What this task involves.
Once you find the line containing "Suc (card (K" in the data below, copy it and each following line exactly, up to and including the line containing "(x * x ^ (CARD('a)", and nothing else.

= = =

lemma lcsc_group_sigma_compact:
  assumes "lcsc_group TYPE('a)"
  obtains C :: "nat \<Rightarrow> 'a::{group_add,t2_space,second_countable_topology} set"
  where "\<And>n. compact (C n)" "\<And>x. \<exists>n. x \<in> C n"
proof -
  define \<F> where "\<F> = {U::'a set. open U \<and> (\<exists>K. compact K \<and> U \<subseteq> K)}"
  have cover: "x \<in> \<Union>\<F>" for x
  proof -
    obtain V K :: "'a set" where "open V" "compact K" "x \<in> V" "V \<subseteq> K"
      using lcsc_group_compact_neighbourhood[OF assms] .
    then show ?thesis unfolding \<F>_def by blast
  qed
  obtain \<F>' where \<F>': "\<F>' \<subseteq> \<F>" "countable \<F>'" "\<Union>\<F>' = \<Union>\<F>"
    using Lindelof[of \<F>] unfolding \<F>_def by blast
  have "\<F>' \<noteq> {}" using cover[of 0] \<F>'(3) by blast
  then have range: "range (from_nat_into \<F>') = \<F>'" using \<F>'(2) by simp
  have "\<exists>K. compact K \<and> from_nat_into \<F>' n \<subseteq> K" for n
  proof -
    have "from_nat_into \<F>' n \<in> \<F>" using range \<F>'(1) by blast
    then show ?thesis unfolding \<F>_def by blast
  qed
  then obtain C where C: "\<And>n. compact (C n)" "\<And>n. from_nat_into \<F>' n \<subseteq> C n" by metis
  have "\<exists>n. x \<in> C n" for x
  proof -
    obtain U where "U \<in> \<F>'" "x \<in> U" using cover[of x] \<F>'(3) by blast
    then obtain n where "U = from_nat_into \<F>' n" using range by (metis rangeE)
    then show ?thesis using C(2) \<open>x \<in> U\<close> by blast
  qed
  with C(1) show ?thesis by (rule that)
qed

lemma topological_group_uniformly_continuous_compact_support:
  fixes f :: "'a::{group_add,topological_space} \<Rightarrow> real"
  assumes "topological_group TYPE('a)" "continuous_on UNIV f" "compact K"
    and "\<And>x. x \<notin> K \<Longrightarrow> f x = 0" "e > 0"
  obtains W where "open W" "0 \<in> W" "\<And>s t. s \<in> W \<Longrightarrow> \<bar>f (s + t) - f t\<bar> < e"
proof -
  define \<Phi> where "\<Phi> p = f (fst p + snd p) - f (snd p)" for p :: "'a \<times> 'a"
  have "continuous_on UNIV (\<lambda>p::'a \<times> 'a. fst p + snd p)"
    by (intro topological_group_continuous_on_add[OF assms(1)] continuous_on_fst continuous_on_snd
        continuous_on_id)
  then have "continuous_on UNIV \<Phi>"
    unfolding \<Phi>_def using continuous_on_compose2[OF assms(2)] continuous_on_snd[OF continuous_on_id]
    by (intro continuous_on_diff) blast+
  then have "open (\<Phi> -` {-e<..<e})"
    by (simp add: continuous_on_open_vimage)
  moreover have "{0} \<times> K \<subseteq> \<Phi> -` {-e<..<e}" using assms(5) by (simp add: \<Phi>_def subset_iff)
  ultimately obtain X where X: "0 \<in> X" "open X" "X \<times> K \<subseteq> \<Phi> -` {-e<..<e}"
    using Elementary_Topology.tube_lemma[OF assms(3)] by metis
  then have small: "\<bar>\<Phi> (s, t)\<bar> < e" if "s \<in> X" "t \<in> K" for s t
    using that by (auto simp: abs_less_iff)
  define W where "W = X \<inter> uminus -` X"
  have "open W"
    unfolding W_def using X(2) topological_group_open_vimage_uminus[OF assms(1) X(2)] by blast
  moreover have "0 \<in> W" unfolding W_def using X(1) by simp
  moreover have "\<bar>f (s + t) - f t\<bar> < e" if "s \<in> W" for s t
  proof (cases "t \<in> K")
    case True
    then show ?thesis using small[of s t] \<open>s \<in> W\<close> unfolding W_def \<Phi>_def by simp
  next
    case False
    show ?thesis
    proof (cases "s + t \<in> K")
      case True
      then have "\<bar>\<Phi> (-s, s + t)\<bar> < e" using small \<open>s \<in> W\<close> unfolding W_def by simp
      then show ?thesis by (simp add: \<Phi>_def add.assoc[symmetric] abs_minus_commute)
    next
      case False
      then show ?thesis using \<open>t \<notin> K\<close> assms(4,5) by simp
    qed
  qed
  ultimately show ?thesis by (rule that)
qed

section \<open>Compatible left-invariant metrics\<close>

locale compatible_left_invariant_metric =
  fixes d :: "'a::{group_add,topological_space} \<Rightarrow> 'a \<Rightarrow> real"
  assumes zero_iff: "\<And>x y. d x y = 0 \<longleftrightarrow> x = y"
    and commute: "\<And>x y. d x y = d y x"
    and triangle: "\<And>x y z. d x z \<le> d x y + d y z"
    and open_iff: "\<And>S. open S \<longleftrightarrow> (\<forall>x\<in>S. \<exists>e>0. \<forall>y. d x y < e \<longrightarrow> y \<in> S)"
    and left_invariant: "\<And>g x y. d (g + x) (g + y) = d x y"

lemma proper_compatible_left_invariant_metric_iff:
  "proper_compatible_left_invariant_metric d \<longleftrightarrow>
     compatible_left_invariant_metric d \<and> (\<forall>x r. compact {y. d x y \<le> r})"
  unfolding proper_compatible_left_invariant_metric_def compatible_left_invariant_metric_def
  by argo

context compatible_left_invariant_metric
begin

lemma dist_self: "d x x = 0"
  by (simp add: zero_iff)

lemma nonneg: "0 \<le> d x y"
  using triangle[of x x y] commute[of y x] dist_self[of x] by linarith

lemma eq_dist_zero: "d x y = d 0 (-x + y)"
  using left_invariant[of "-x" x y] by simp

lemma dist_zero_add: "d 0 (a + b) \<le> d 0 a + d 0 b"
  using triangle[of 0 "a + b" a] left_invariant[of a 0 b] by (simp del: left_invariant)

lemma dist_zero_uminus: "d 0 (- a) = d 0 a"
  using left_invariant[of a 0 "- a"] commute[of a 0] by simp

lemma open_ball: "open {y. d x y < r}"
  unfolding open_iff
proof
  fix z assume "z \<in> {y. d x y < r}"
  then have "r - d x z > 0" by simp
  moreover have "d x y < r" if "d z y < r - d x z" for y
    using triangle[of x y z] that by linarith
  ultimately show "\<exists>e>0. \<forall>y. d z y < e \<longrightarrow> y \<in> {y. d x y < r}" by blast
qed

lemma closed_ball: "closed {y. d x y \<le> r}"
  unfolding closed_def open_iff
proof
  fix z assume "z \<in> - {y. d x y \<le> r}"
  then have "d x z - r > 0" by simp
  moreover have "\<not> d x y \<le> r" if "d z y < d x z - r" for y
    using triangle[of x z y] commute[of z y] that by linarith
  ultimately show "\<exists>e>0. \<forall>y. d z y < e \<longrightarrow> y \<in> - {y. d x y \<le> r}" by blast
qed

lemma compact_imp_bounded:
  assumes "compact S"
  obtains B where "\<And>s. s \<in> S \<Longrightarrow> d a s \<le> B"
proof -
  have "S \<subseteq> (\<Union>n. {y. d a y < real n})"
    by (auto intro: reals_Archimedean2)
  then obtain N where N: "finite N" "S \<subseteq> (\<Union>n\<in>N. {y. d a y < real n})"
    by (rule compactE_image[OF assms open_ball])
  have "d a s \<le> real (Max (insert 0 N))" if "s \<in> S" for s
  proof -
    obtain n where "n \<in> N" "d a s < real n" using N(2) \<open>s \<in> S\<close> by blast
    moreover have "n \<le> Max (insert 0 N)" using N(1) \<open>n \<in> N\<close> by simp
    ultimately show ?thesis by linarith
  qed
  then show ?thesis by (rule that)
qed

lemma compact_small_closed_ball:
  assumes "open V" "compact K" "x \<in> V" "V \<subseteq> K"
  obtains e where "e > 0" "compact {y. d x y \<le> e}"
proof -
  obtain e where e: "e > 0" "\<And>y. d x y < e \<Longrightarrow> y \<in> V"
    using assms(1,3) unfolding open_iff by blast
  have "{y. d x y \<le> e / 2} \<subseteq> K"
  proof
    fix y assume "y \<in> {y. d x y \<le> e / 2}"
    then have "d x y < e" using e(1) by simp
    then show "y \<in> K" using e(2) assms(4) by blast
  qed
  then have "compact {y. d x y \<le> e / 2}"
    using closed_Int_compact[OF closed_ball assms(2), of x "e / 2"] by (simp add: Int_absorb2)
  moreover have "e / 2 > 0" using e(1) by simp
  ultimately show ?thesis using that[of "e / 2"] by simp
qed

end

lemma left_invariant_ball_in_open:
  fixes d :: "'a::{group_add,topological_space} \<Rightarrow> 'a \<Rightarrow> real"
  assumes "topological_group TYPE('a)" "\<And>g x y. d (g + x) (g + y) = d x y"
    and "\<And>U. open U \<Longrightarrow> 0 \<in> U \<Longrightarrow> \<exists>e>0. \<forall>s. d 0 s < e \<longrightarrow> s \<in> U"
    and "open S" "x \<in> S"
  shows "\<exists>e>0. \<forall>y. d x y < e \<longrightarrow> y \<in> S"
proof -
  have "open ((\<lambda>y. x + y) -` S)" "0 \<in> (\<lambda>y. x + y) -` S"
    using topological_group_open_vimage_add[OF assms(1,4)] assms(5) by auto
  then obtain e where "e > 0" "\<And>s. d 0 s < e \<Longrightarrow> x + s \<in> S"
    using assms(3) by blast
  moreover have "x + (-x + y) = y" "d x y = d 0 (-x + y)" for y
    using assms(2)[of "-x" x y] by (simp_all add: add.assoc[symmetric])
  ultimately show ?thesis by metis
qed

lemma left_invariant_open_if_balls:
  fixes d :: "'a::{group_add,topological_space} \<Rightarrow> 'a \<Rightarrow> real"
  assumes "topological_group TYPE('a)" "\<And>g x y. d (g + x) (g + y) = d x y"
    and "\<And>e. e > 0 \<Longrightarrow> \<exists>W. open W \<and> 0 \<in> W \<and> (\<forall>s\<in>W. d 0 s < e)"
    and balls: "\<forall>x\<in>S. \<exists>e>0. \<forall>y. d x y < e \<longrightarrow> y \<in> S"
  shows "open S"
proof (rule open_subopen[THEN iffD2], intro ballI)
  fix x assume "x \<in> S"
  then obtain e where "e > 0" and e: "\<And>y. d x y < e \<Longrightarrow> y \<in> S"
    using balls by blast
  obtain W where W: "open W" "0 \<in> W" "\<And>s. s \<in> W \<Longrightarrow> d 0 s < e"
    using assms(3)[OF \<open>e > 0\<close>] by blast
  have "d x (x + s) = d 0 s" for s
    using assms(2)[of x 0 s] by simp
  then have "(\<lambda>s. x + s) ` W \<subseteq> S" using W(3) e by auto
  moreover have "open ((\<lambda>s. x + s) ` W)"
    by (rule topological_group_open_translation[OF assms(1) W(1)])
  moreover have "x \<in> (\<lambda>s. x + s) ` W" using W(2) by (intro image_eqI[of _ _ 0]) auto
  ultimately show "\<exists>T. open T \<and> x \<in> T \<and> T \<subseteq> S" by blast
qed

lemma compatible_left_invariant_metricI:
  fixes d :: "'a::{group_add,t1_space} \<Rightarrow> 'a \<Rightarrow> real"
  assumes "topological_group TYPE('a)"
    and "\<And>x. d x x = 0" "\<And>x y. d x y = d y x" "\<And>x y z. d x z \<le> d x y + d y z"
    and "\<And>g x y. d (g + x) (g + y) = d x y"
    and "\<And>U. open U \<Longrightarrow> 0 \<in> U \<Longrightarrow> \<exists>e>0. \<forall>s. d 0 s < e \<longrightarrow> s \<in> U"
    and "\<And>e. e > 0 \<Longrightarrow> \<exists>W. open W \<and> 0 \<in> W \<and> (\<forall>s\<in>W. d 0 s < e)"
  shows "compatible_left_invariant_metric d"
proof
  note ball_in_open = left_invariant_ball_in_open[OF assms(1,5,6)]
  show "open S \<longleftrightarrow> (\<forall>x\<in>S. \<exists>e>0. \<forall>y. d x y < e \<longrightarrow> y \<in> S)" for S
  proof
    assume "open S"
    then show "\<forall>x\<in>S. \<exists>e>0. \<forall>y. d x y < e \<longrightarrow> y \<in> S" using ball_in_open by blast
  qed (rule left_invariant_open_if_balls[OF assms(1,5,7)])
  show "d x y = 0 \<longleftrightarrow> x = y" for x y
  proof
    assume "d x y = 0"
    show "x = y"
    proof (rule ccontr)
      assume "x \<noteq> y"
      then obtain U where "open U" "x \<in> U" "y \<notin> U" using t1_space by blast
      then obtain e where "e > 0" "\<And>z. d x z < e \<Longrightarrow> z \<in> U" using ball_in_open by blast
      with \<open>d x y = 0\<close> have "y \<in> U" by simp
      with \<open>y \<notin> U\<close> show False by contradiction
    qed
  qed (simp add: assms(2))
  show "d x y = d y x" "d x z \<le> d x y + d y z" "d (g + x) (g + y) = d x y" for x y z g
    by (fact assms)+
qed

locale bump_family =
  fixes f :: "nat \<Rightarrow> 'a::{group_add,t1_space} \<Rightarrow> real" and A :: "nat \<Rightarrow> 'a set"
  assumes nonneg: "0 \<le> f n y" and le_one: "f n y \<le> 1" and at_zero: "f n 0 = 1"
    and support: "y \<notin> A n \<Longrightarrow> f n y = 0"
    and nhds_base: "open U \<Longrightarrow> 0 \<in> U \<Longrightarrow> \<exists>n. A n \<subseteq> U"
    and uniformly_continuous:
      "e > 0 \<Longrightarrow> \<exists>W. open W \<and> 0 \<in> W \<and> (\<forall>s\<in>W. \<forall>t. \<bar>f n (s + t) - f n t\<bar> < e)"
begin

definition gap :: "'a \<Rightarrow> 'a \<Rightarrow> nat \<Rightarrow> 'a \<Rightarrow> real" where
  "gap x y n t = (1/2)^n * \<bar>f n (-x + t) - f n (-y + t)\<bar>"
section \<open>Finite fields and the trace\<close>

lemma subfield_power_card:
  fixes K :: "'a::{field,finite} set"
  assumes K: "is_subfield K" and a: "a \<in> K"
  shows "a ^ card K = a"
proof (cases "a = 0")
  case True
  thus ?thesis using card_subfield_ge_2[OF K] by simp
next
  case False
  have "(\<Prod>y\<in>K - {0}. a * y) = (\<Prod>y\<in>K - {0}. y)"
    by (rule prod.reindex_bij_witness[of _ "\<lambda>y. y / a" "\<lambda>y. a * y"])
       (use False a K in \<open>auto simp: subfield_divide subfield_mult\<close>)
  hence "a ^ card (K - {0}) = 1" by (simp add: prod.distrib)
  moreover have "card K = Suc (card (K - {0}))"
    using subfield_0[OF K] by (metis card_Suc_Diff1 finite)
  ultimately show ?thesis by simp
qed

lemma power_CARD_eq: "(x::'a::{field,finite}) ^ CARD('a) = x"
  using subfield_power_card[OF is_subfield_UNIV] by simp

lemma inverse_eq_power:
  fixes x :: "'a::{field,finite}"
  obtains n where "inverse x = x ^ n"
proof (cases "x = 0")
  case False
  have c: "CARD('a) = Suc (Suc (CARD('a) - 2))"
    using card_subfield_ge_2[OF is_subfield_UNIV, where 'a = 'a] by simp
  have "x * (x * x ^ (CARD('a) - 2)) = x * 1"
    using power_CARD_eq[of x] by (subst (asm) c) simp
  hence "inverse x = x ^ (CARD('a) - 2)" using False by (intro inverse_unique) simp
  thus ?thesis by (rule that)
qed (use that[of 1] in simp)

lemma is_subfield_range_of_nat: "is_subfield (range (of_nat :: nat \<Rightarrow> 'a::{field,finite}))"
proof -
  have "CHAR('a) > 0" by (rule finite_imp_CHAR_pos) simp
  hence neg: "- (of_nat a :: 'a) = of_nat ((CHAR('a) - 1) * a)" for a
    by (simp add: of_nat_mult of_nat_diff algebra_simps)
  have inv: "inverse (of_nat a :: 'a) \<in> range of_nat" for a
    by (metis inverse_eq_power of_nat_power rangeI)
  show ?thesis
    unfolding is_subfield_def
    by (auto simp: neg inv simp flip: of_nat_add of_nat_mult) (metis of_nat_0 rangeI, metis of_nat_1 rangeI)
qed

lemma card_range_of_nat: "card (range (of_nat :: nat \<Rightarrow> 'a::{field,finite})) = CHAR('a)"
proof -
  have "CHAR('a) > 0" by (rule finite_imp_CHAR_pos) simp
  hence "range (of_nat :: nat \<Rightarrow> 'a) = of_nat ` {..<CHAR('a)}"
    by (auto simp: image_iff of_nat_eq_iff_cong_CHAR cong_def intro!: exI[of _ "_ mod CHAR('a)"])
  moreover have "inj_on (of_nat :: nat \<Rightarrow> 'a) {..<CHAR('a)}"
    by (rule inj_onI) (auto simp: of_nat_eq_iff_cong_CHAR cong_less_modulus_unique_nat)
  ultimately show ?thesis by (simp add: card_image)
qed

text \<open>\<open>F\<close> is a vector space over the prime field, realised as the subspace \<open>vec ` F\<close>
  of the coordinate space \<open>'a^1\<close>.\<close>

lemma card_subfield_CHAR_power:
  fixes F :: "'a::{field,finite} set"
  assumes F: "is_subfield F"
  obtains e where "card F = CHAR('a) ^ e"
proof -
  let ?P = "range (of_nat :: nat \<Rightarrow> 'a)"
  have "of_nat n \<in> F" for n
    by (induction n) (auto simp: subfield_0[OF F] subfield_1[OF F] subfield_add[OF F])
  hence "subspace_over ?P (vec ` F :: ('a^1) set)"
    unfolding subspace_over_def
    by (auto simp: image_iff vec_eq_iff subfield_0[OF F] subfield_add[OF F] subfield_mult[OF F]
        intro!: bexI[of _ "_ + _"] bexI[of _ "_ * _"])
  from card_subspace_over[OF is_subfield_range_of_nat this]
  have "card F = CHAR('a) ^ dim_over ?P (vec ` F :: ('a^1) set)"
    by (simp add: card_image inj_on_def vec_eq_iff card_range_of_nat)
  thus ?thesis using that by blast
qed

= = =

Written response.
  moreover have "card K = Suc (card (K - {0}))"
    using subfield_0[OF K] by (metis card_Suc_Diff1 finite)
  ultimately show ?thesis by simp
qed

lemma power_CARD_eq: "(x::'a::{field,finite}) ^ CARD('a) = x"
  using subfield_power_card[OF is_subfield_UNIV] by simp

lemma inverse_eq_power:
  fixes x :: "'a::{field,finite}"
  obtains n where "inverse x = x ^ n"
proof (cases "x = 0")
  case False
  have c: "CARD('a) = Suc (Suc (CARD('a) - 2))"
    using card_subfield_ge_2[OF is_subfield_UNIV, where 'a = 'a] by simp
  have "x * (x * x ^ (CARD('a) - 2)) = x * 1"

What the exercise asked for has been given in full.